|M.Sc Student||Zuriel Yoav|
|Subject||Efficient Lock-Free Durable Sets|
|Department||Department of Computer Science||Supervisors||Professor Erez Petrank|
|Dr. Nachson Cohen|
|Full Thesis text|
Recently Intel released a new hardware component, Non-volatile memory, promising comparable access latencies to the traditional DRAM while making the data written on it persistent, resilient to power outages. As a result, non-volatile memory is expected to co-exist or even replace DRAM in upcoming architectures. Durable concurrent data structures for non-volatile memories are essential building blocks for constructing adequate software for use with these architectures.
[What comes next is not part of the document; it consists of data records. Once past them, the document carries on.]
(* Let $(T(t))_{t\ge0}$ be a bounded $C_0$-semigroup on a Banach space $E$, and let $t_1,\dots,t_n>0$. Then $$E_{\mathrm{aap}}\cap\ker(T(t_1)-\mathrm{Id})\cdots(T(t_n)-\mathrm{Id})=\ker(T(t_1)-\mathrm{Id})+\cdots+\ker(T(t_n)-\mathrm{Id}).$$
   Context: $E_{\mathrm{aap}}$ is the set of asymptotically almost periodic vectors, i.e. those $x\in E$ whose orbit $\{T(t)x:t\ge0\}$ is relatively compact in $E$. *)

theory Defs
  imports "HOL-Analysis.Analysis"
begin

definition c0_semigroup :: "(real \<Rightarrow> 'a::banach \<Rightarrow> 'a) \<Rightarrow> bool" where
  "c0_semigroup T \<longleftrightarrow>
     (\<forall>t\<ge>0. bounded_linear (T t)) \<and>
     T 0 = id \<and>
     (\<forall>s\<ge>0. \<forall>t\<ge>0. T (s + t) = T s \<circ> T t) \<and>
     (\<forall>x. ((\<lambda>t. T t x) \<longlongrightarrow> x) (at_right 0))"

definition bounded_semigroup :: "(real \<Rightarrow> 'a::real_normed_vector \<Rightarrow> 'a) \<Rightarrow> bool" where
  "bounded_semigroup T \<longleftrightarrow> (\<exists>M. \<forall>t\<ge>0. onorm (T t) \<le> M)"

definition E_aap :: "(real \<Rightarrow> 'a::real_normed_vector \<Rightarrow> 'a) \<Rightarrow> 'a set" where
  "E_aap T = {x. compact (closure ((\<lambda>t. T t x) ` {0..}))}"

fun prod_ops :: "(real \<Rightarrow> 'a::real_normed_vector \<Rightarrow> 'a) \<Rightarrow> (nat \<Rightarrow> real) \<Rightarrow> nat \<Rightarrow> 'a \<Rightarrow> 'a" where
  "prod_ops T t 0 = id"
| "prod_ops T t (Suc n) = prod_ops T t n \<circ> (\<lambda>x. T (t n) x - x)"

definition kernel_of :: "('a \<Rightarrow> 'b::zero) \<Rightarrow> 'a set" where
  "kernel_of A = {x. A x = 0}"

end

theory Submission
  imports Defs
begin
In this paper, we propose a new approach for durable concurrent sets. Using this approach we design two novel techniques to create durable linearizable data structures.
We use these techniques to build three different kinds of sets from existing lock-free sets: linked list, hash map, and skip list. Our techniques yield the most efficient durable hash tables available today.
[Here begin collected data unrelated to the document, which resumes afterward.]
(* Let $S$ be a connected graded reduced affine monoid. Then the graded catenary degree $c_{\mathrm{gr}}(S)$ is the minimal non-negative integer $d$ such that there exists a subset $\Lambda\subset M\times M$ generating the semigroup congruence $\sim_S$ with $|\alpha|_{\mathrm{gr}}\le d$ and $|\gamma|_{\mathrm{gr}}\le d$ for all $(x^{\alpha},x^{\gamma})\in\Lambda$.
   Context: A monoid is a commutative cancellative semigroup with identity; affine means a finitely generated submonoid of a finitely generated free abelian group; reduced means the identity is the only unit. $S$ is graded if $S$ is the disjoint union of subsets $S_d$, $d\in\mathbb{N}_0$, with $S_dS_e\subseteq S_{d+e}$; write $|s|=d$ for $s\in S_d$; connected graded means $S_0=\{1\}$. $\mathcal{A}(S)$ is the finite set of atoms; $a^{\alpha}=\prod_a a^{\alpha(a)}$ for $\alpha\in\mathbb{N}_0^{\mathcal{A}(S)}$. $M$ is the free commutative monoid on indeterminates $x_a$ ($a\in\mathcal{A}(S)$), with elements $x^{\alpha}$, and $\sim_S$ is the congruence on $M$ with $x^{\alpha}\sim_S x^{\gamma}$ iff $a^{\alpha}=a^{\gamma}$. Set $|\alpha|_{\mathrm{gr}}=\sum_a\alpha(a)|a|$, $\gcd(\alpha,\gamma)(a)=\min\{\alpha(a),\gamma(a)\}$, and $d_{\mathrm{gr}}(\alpha,\gamma)=\max\{|\alpha-\gcd(\alpha,\gamma)|_{\mathrm{gr}},|\gamma-\gcd(\alpha,\gamma)|_{\mathrm{gr}}\}$. The graded catenary degree $c_{\mathrm{gr}}(S)$ is the minimal $d$ such that whenever $a^{\alpha}=a^{\gamma}$ there is a sequence $\alpha=\alpha^{(0)},\dots,\alpha^{(k)}=\gamma$ in $\mathbb{N}_0^{\mathcal{A}(S)}$ with $a^{\alpha^{(j)}}=a^{\alpha^{(j+1)}}$ and $d_{\mathrm{gr}}(\alpha^{(j)},\alpha^{(j+1)})\le d$ for all $j$. *)

theory Defs
  imports Main
begin

text \<open>Monoids are modelled additively inside the free abelian group \<open>\<int>^'i\<close>
  (functions \<open>'i \<Rightarrow> int\<close>, \<open>'i\<close> a finite type); the identity is \<open>0\<close>.\<close>

definition vzero :: "'i \<Rightarrow> int" where "vzero = (\<lambda>i. 0)"
definition vadd :: "('i \<Rightarrow> int) \<Rightarrow> ('i \<Rightarrow> int) \<Rightarrow> ('i \<Rightarrow> int)"
  where "vadd x y = (\<lambda>i. x i + y i)"

inductive_set mon_gen :: "('i \<Rightarrow> int) set \<Rightarrow> ('i \<Rightarrow> int) set" for G where
  zero: "vzero \<in> mon_gen G"
| gen: "g \<in> G \<Longrightarrow> x \<in> mon_gen G \<Longrightarrow> vadd g x \<in> mon_gen G"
We ran three different tests on a 64-core AMD platform to obtain a better understanding of the different sets: scalability test, key range test, and workload test. The evaluation shows a performance improvement factor of 3.3x over the existing state-of-the-art hash map with 32 concurrent threads. To go with the new durable data structures, we extend an existing memory manager to work with persistent memory.
The correctness of concurrent data structures is not trivial and thus a full correctness proof is provided for both lists proving durable linearizability and lock-freedom.